Let $V$ be a finite dimensional vector space over $\mathbb{C}$, denote $V^{\times} = V -0$ and let $\pi : V^{\times} \rightarrow \mathbb{P}(V)$ be the quotient by the natural action of $\mathbb{C}^{\times}$ on $V$. If $M$ is a coherent $D$-module on $\mathbb{P}(V)$, then the action of $\mathbb{C}^{\times}$ on the global section $\Gamma(V^{\times}, \pi^*M)$ gives a weight decomposition: $$ \Gamma(V^{\times}, \pi^*M) = \bigoplus_{l \in \mathbb{Z}} \Gamma(V^{\times}, \pi^*M)^l,$$ where $z \in \mathbb{C}^{\times}$ acts by multiplication by $z^l$ on $\Gamma(V^{\times}, \pi^*M)^l$. Now, let $E$ be the Euler vector field on $V^{\times}$, that is: $$E = \sum_{i=1}^{n} x_i \frac{\partial}{\partial x_i},$$ for $x_i$ a base of $V$. Since $\pi^*M$ is a $D$-module, we have a natural action of $E$ on $\Gamma(V^{\times}, \pi^*M)$, and $\Gamma(V^{\times}, \pi^*M)^l$ is the eigenspace with eigenvalue $l$ for the action of $E$ on $\Gamma(V^{\times}, \pi^*M)$.

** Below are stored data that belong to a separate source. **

lemma (in real_distribution) Im_stieltjes:
  assumes "0 < V"
  shows "Im (stieltjes M (Complex u V)) = pi * (\<integral>t. cauchy_density V (u - t) \<partial>M)"
proof -
  have "Im (stieltjes M (Complex u V)) = (\<integral>t. Im (1 / (complex_of_real t - Complex u V)) \<partial>M)"
    unfolding stieltjes_def using integrable_stieltjes_kernel[of "Complex u V"] assms by simp
  also have "\<dots> = (\<integral>t. pi * cauchy_density V (u - t) \<partial>M)"
    using assms by (intro Bochner_Integration.integral_cong)
      (simp_all add: Im_divide pi_mult_cauchy_density power2_commute[of u])
  finally show ?thesis by simp
qed

lemma cauchy_cdf_diff_eq_integral:
  assumes y: "0 < y" and yV: "y \<le> V"
  shows "cauchy_cdf V r - cauchy_cdf y r = (\<integral>u. - (r / (r\<^sup>2 + u\<^sup>2)) * indicator {y..V} u \<partial>lborel) / pi"
proof -
  have "((\<lambda>u. arctan (r / u)) has_real_derivative - (r / (r\<^sup>2 + u\<^sup>2))) (at u)"
    and "isCont (\<lambda>u. - (r / (r\<^sup>2 + u\<^sup>2))) u" if "y \<le> u" for u
  proof -
    have "0 < u" "0 < r\<^sup>2 + u\<^sup>2" using that y by (auto simp: sum_squares_pos)
    then show "((\<lambda>u. arctan (r / u)) has_real_derivative - (r / (r\<^sup>2 + u\<^sup>2))) (at u)"
      and "isCont (\<lambda>u. - (r / (r\<^sup>2 + u\<^sup>2))) u"
      by (auto intro!: derivative_eq_intros continuous_intros simp: field_simps power2_eq_square)
  qed
  then have "(\<integral>u. - (r / (r\<^sup>2 + u\<^sup>2)) * indicator {y..V} u \<partial>lborel) = arctan (r / V) - arctan (r / y)"
    by (intro integral_FTC_Icc_real[OF yV]) auto
  then show ?thesis unfolding cauchy_cdf_def by (simp add: diff_divide_distrib)
qed

definition cauchy_smoothed_cdf :: "real measure \<Rightarrow> real \<Rightarrow> real \<Rightarrow> real" where
  "cauchy_smoothed_cdf M y x = (\<integral>t. cauchy_cdf y (x - t) \<partial>M)"

context real_distribution
begin

lemma pair_sigma_finite_lborel: "pair_sigma_finite M lborel"
  by (simp add: pair_sigma_finite_def sigma_finite_measure_axioms lborel.sigma_finite_measure_axioms)

lemma borel_measurable_cdf [measurable]: "cdf M \<in> borel_measurable borel"
  by (rule borel_measurable_mono) (simp add: mono_def cdf_nondecreasing)

lemma integrable_cauchy_cdf: "integrable M (\<lambda>t. cauchy_cdf y (x - t))"
  by (rule integrable_const_bound[where B=1]) (auto simp: cauchy_cdf_nonneg cauchy_cdf_le_1)

lemma cauchy_smoothed_cdf_nonneg: "0 \<le> cauchy_smoothed_cdf M y x"
  unfolding cauchy_smoothed_cdf_def by (simp add: cauchy_cdf_nonneg)

lemma cauchy_smoothed_cdf_nn_integral:
  "ennreal (cauchy_smoothed_cdf M y x) = (\<integral>\<^sup>+ t. ennreal (cauchy_cdf y (x - t)) \<partial>M)"
  unfolding cauchy_smoothed_cdf_def
  by (rule nn_integral_eq_integral[symmetric]) (auto simp: integrable_cauchy_cdf cauchy_cdf_nonneg)

lemma cauchy_smoothed_cdf_eq_convolution:
  assumes y: "0 < y"
  shows "cauchy_smoothed_cdf M y x = (\<integral>s. cauchy_density y s * cdf M (x - s) \<partial>lborel)"
proof -
  interpret P: pair_sigma_finite M lborel by (rule pair_sigma_finite_lborel)
  have "(\<integral>\<^sup>+ t. ennreal (cauchy_cdf y (x - t)) \<partial>M)
      = (\<integral>\<^sup>+ t. (\<integral>\<^sup>+ s. ennreal (cauchy_density y s) * indicator {..x} (t + s) \<partial>lborel) \<partial>M)"
    by (intro nn_integral_cong)
       (auto simp: nn_integral_cauchy_density_atMost[OF y, symmetric] intro!: nn_integral_cong split: split_indicator)
  also have "\<dots> = (\<integral>\<^sup>+ s. (\<integral>\<^sup>+ t. ennreal (cauchy_density y s) * indicator {..x} (t + s) \<partial>M) \<partial>lborel)"
    by (rule P.Fubini'[symmetric]) measurable
  also have "\<dots> = (\<integral>\<^sup>+ s. ennreal (cauchy_density y s) * emeasure M {..x - s} \<partial>lborel)"
    by (intro nn_integral_cong, subst nn_integral_cmult_indicator[symmetric])
       (auto intro!: nn_integral_cong split: split_indicator)
  also have "\<dots> = (\<integral>\<^sup>+ s. ennreal (cauchy_density y s * cdf M (x - s)) \<partial>lborel)"
    by (intro nn_integral_cong)
       (simp add: emeasure_eq_measure cdf_def ennreal_mult cauchy_density_nonneg[OF y])
  finally have "has_bochner_integral lborel (\<lambda>s. cauchy_density y s * cdf M (x - s)) (cauchy_smoothed_cdf M y x)"
    by (intro has_bochner_integral_nn_integral)
       (auto simp: cauchy_smoothed_cdf_nn_integral cauchy_smoothed_cdf_nonneg cauchy_density_nonneg[OF y] cdf_nonneg)
  then show ?thesis by (simp add: has_bochner_integral_iff)
qed

lemma cauchy_smoothed_cdf_eq_integral_Im_stieltjes:
  assumes V: "0 < V"
  shows "integrable lborel (\<lambda>u. Im (stieltjes M (Complex u V)) / pi * indicator {..x} u)"
    and "cauchy_smoothed_cdf M V x = (\<integral>u. Im (stieltjes M (Complex u V)) / pi * indicator {..x} u \<partial>lborel)"
proof -
  interpret P: pair_sigma_finite M lborel by (rule pair_sigma_finite_lborel)
  have Im_eq: "Im (stieltjes M (Complex u V)) / pi = (\<integral>t. cauchy_density V (u - t) \<partial>M)" for u
    using Im_stieltjes[OF V] by simp
  have int_density: "integrable M (\<lambda>t. cauchy_density V (u - t))" for u
    by (rule integrable_const_bound[where B="1/(pi*V)"])
       (auto simp: cauchy_density_le[OF V] cauchy_density_nonneg[OF V])
  have nonneg: "0 \<le> Im (stieltjes M (Complex u V)) / pi * indicator {..x} u" for u
    unfolding Im_eq by (auto intro!: Bochner_Integration.integral_nonneg simp: cauchy_density_nonneg[OF V])
  have "(\<integral>\<^sup>+ t. ennreal (cauchy_cdf V (x - t)) \<partial>M)
      = (\<integral>\<^sup>+ t. (\<integral>\<^sup>+ u. ennreal (cauchy_density V (u - t)) * indicator {..x} u \<partial>lborel) \<partial>M)"
    by (simp add: nn_integral_cauchy_density_shifted_atMost[OF V])
  also have "\<dots> = (\<integral>\<^sup>+ u. (\<integral>\<^sup>+ t. ennreal (cauchy_density V (u - t)) * indicator {..x} u \<partial>M) \<partial>lborel)"
    by (rule P.Fubini'[symmetric]) measurable
  also have "\<dots> = (\<integral>\<^sup>+ u. ennreal (Im (stieltjes M (Complex u V)) / pi * indicator {..x} u) \<partial>lborel)"
    unfolding Im_eq
    by (intro nn_integral_cong)
       (simp add: nn_integral_multc nn_integral_eq_integral[OF int_density] cauchy_density_nonneg[OF V]
         ennreal_mult' split: split_indicator)
  finally have "has_bochner_integral lborel (\<lambda>u. Im (stieltjes M (Complex u V)) / pi * indicator {..x} u)
      (cauchy_smoothed_cdf M V x)"
    using borel_measurable_stieltjes[of "\<lambda>u. Complex u V"] nonneg
    by (intro has_bochner_integral_nn_integral)
       (auto simp: cauchy_smoothed_cdf_nn_integral cauchy_smoothed_cdf_nonneg Complex_eq)
  then show "integrable lborel (\<lambda>u. Im (stieltjes M (Complex u V)) / pi * indicator {..x} u)"
    and "cauchy_smoothed_cdf M V x = (\<integral>u. Im (stieltjes M (Complex u V)) / pi * indicator {..x} u \<partial>lborel)"
    unfolding has_bochner_integral_iff by auto
qed

lemma integrable_Re_stieltjes_vertical:
  assumes y: "0 < y"
  shows "integrable lborel (\<lambda>u. Re (stieltjes M (Complex x u)) * indicator {y..V} u)"
proof (rule Bochner_Integration.integrable_bound)
  show "integrable lborel (\<lambda>u. indicator {y..V} u / y :: real)"
    by (auto intro!: integrable_divide integrable_real_indicator simp: emeasure_lborel_Icc_eq)
  show "(\<lambda>u. Re (stieltjes M (Complex x u)) * indicator {y..V} u) \<in> borel_measurable lborel"
    using borel_measurable_stieltjes[of "\<lambda>u. Complex x u"] by (simp add: Complex_eq)
  have "\<bar>Re (stieltjes M (Complex x u))\<bar> \<le> 1 / y" if "y \<le> u" for u
    using abs_Re_le_cmod[of "stieltjes M (Complex x u)"] norm_stieltjes_le[of "Complex x u"]
      frac_le[of 1 1 y u] that y by simp
  then show "AE u in lborel. norm (Re (stieltjes M (Complex x u)) * indicator {y..V} u)
      \<le> norm (indicator {y..V} u / y :: real)"
    using y by (auto intro!: AE_I2 split: split_indicator)
qed

lemma integrable_Re_stieltjes_kernel_vertical:
  assumes y: "0 < y" and yV: "y \<le> V"
  shows "integrable (M \<Otimes>\<^sub>M lborel) (\<lambda>(t, u). Re (1 / (complex_of_real t - Complex x u)) * indicator {y..V} u)"
    (is "integrable _ (\<lambda>(t, u). ?k t u)")
proof (rule pair_sigma_finite.Fubini_integrable[OF pair_sigma_finite_lborel])
  show meas: "(\<lambda>(t, u). ?k t u) \<in> borel_measurable (M \<Otimes>\<^sub>M lborel)"
    unfolding Complex_eq by measurable
  have bound: "\<bar>?k t u\<bar> \<le> indicator {y..V} u / y" for t u
  proof (cases "u \<in> {y..V}")
    case True
    then have "\<bar>?k t u\<bar> \<le> 1 / u"
      using y abs_Re_le_cmod norm_inverse_of_real_minus_le[of "Complex x u" t] by (auto intro: order_trans)
    also have "\<dots> \<le> 1 / y" using True y by (simp add: frac_le)
    finally show ?thesis using True by simp
  qed simp
  have int_indicator: "integrable lborel (\<lambda>u. indicator {y..V} u / y :: real)"
    by (auto intro!: integrable_divide integrable_real_indicator simp: emeasure_lborel_Icc_eq)
  have "(\<lambda>u. ?k t u) \<in> borel_measurable borel" for t
    unfolding Complex_eq by measurable
  then have "integrable lborel (?k t)" for t
    using y bound by (intro Bochner_Integration.integrable_bound[OF int_indicator]) auto
  moreover have "(\<integral>u. norm (?k t u) \<partial>lborel) \<le> (V - y) / y" for t
  proof -
    have "(\<integral>u. norm (?k t u) \<partial>lborel) \<le> (\<integral>u. indicator {y..V} u / y \<partial>lborel)"
      using \<open>integrable lborel (?k t)\<close> int_indicator bound by (intro integral_mono) auto
    also have "\<dots> = (V - y) / y" using yV by simp
    finally show ?thesis .
  qed
  moreover have "(\<lambda>t. \<integral>u. norm (?k t u) \<partial>lborel) \<in> borel_measurable M"
    using meas by (intro lborel.borel_measurable_lebesgue_integral[where f="\<lambda>t u. norm (?k t u)"]) simp
  ultimately show "AE t in M. integrable lborel (\<lambda>u. case (t, u) of (t, u) \<Rightarrow> ?k t u)"
    and "integrable M (\<lambda>t. \<integral>u. norm (case (t, u) of (t, u) \<Rightarrow> ?k t u) \<partial>lborel)"
    by (auto intro!: integrable_const_bound[where B="(V - y) / y"])
qed

lemma cauchy_smoothed_cdf_diff_eq_integral_Re_stieltjes:
  assumes y: "0 < y" and yV: "y \<le> V"
  shows "cauchy_smoothed_cdf M V x - cauchy_smoothed_cdf M y x
    = (\<integral>u. Re (stieltjes M (Complex x u)) * indicator {y..V} u \<partial>lborel) / pi"
proof -
  interpret P: pair_sigma_finite M lborel by (rule pair_sigma_finite_lborel)
  define k where "k t u = Re (1 / (complex_of_real t - Complex x u)) * indicator {y..V} u" for t u
  have inner_M: "(\<integral>t. k t u \<partial>M) = Re (stieltjes M (Complex x u)) * indicator {y..V} u" for u
    using integrable_stieltjes_kernel[of "Complex x u"] y
    by (cases "u \<in> {y..V}") (auto simp: k_def stieltjes_def)
  have inner_lborel: "(\<integral>u. k t u \<partial>lborel) = pi * (cauchy_cdf V (x - t) - cauchy_cdf y (x - t))" for t
    unfolding cauchy_cdf_diff_eq_integral[OF y yV] k_def
    by (simp add: Re_divide power2_eq_square algebra_simps minus_divide_left)
  have "cauchy_smoothed_cdf M V x - cauchy_smoothed_cdf M y x = (\<integral>t. (\<integral>u. k t u \<partial>lborel) \<partial>M) / pi"
    by (simp add: inner_lborel cauchy_smoothed_cdf_def integrable_cauchy_cdf)
  also have "(\<integral>t. (\<integral>u. k t u \<partial>lborel) \<partial>M) = (\<integral>u. (\<integral>t. k t u \<partial>M) \<partial>lborel)"
    unfolding k_def by (rule P.Fubini_integral[symmetric, OF integrable_Re_stieltjes_kernel_vertical[OF y yV]])
  finally show ?thesis by (simp add: inner_M)
qed

end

This being said, I was vondering if something similar is true for Grassmannians. Namely let $X = \mathbb{G}(k,V)$ be the Grassmannians of $k$ dimensional vector subspaces in $V$. Let $X^{\times}$ be the affine cone over $X$ minus $0$ and $\pi : X^{\times} \rightarrow X$ be the quotient by the action of $\mathbb{C}^{\times}$ on $X^{\times}$. Let $M$ be a coherent $D$-module on $X$. We still have a decomposition: $$\Gamma(X^{\times}, \pi^*M) = \bigoplus_{l \in \mathbb{Z}} \Gamma(X^{\times}, \pi^*M)^l,$$ where $z \in \mathbb{C}^{\times}$ acts by multiplication by $z^l$ on $\Gamma(X^{\times}, \pi^*M)^l$.

My question is the following : is there a globally defined differential operator on $X^{\times}$ (say $E$) such that the eigenspaces for the action of $E$ on $\Gamma(X^{\times}, \pi^*M)$ are precisely the $\Gamma(X^{\times}, \pi^*M)^l$ ? (I was hoping this because the tangent bundle to the Grassmannian is globally generated)

If not, is there at least an analogous phenomenon for the Grassmannian?

Thanks a lot!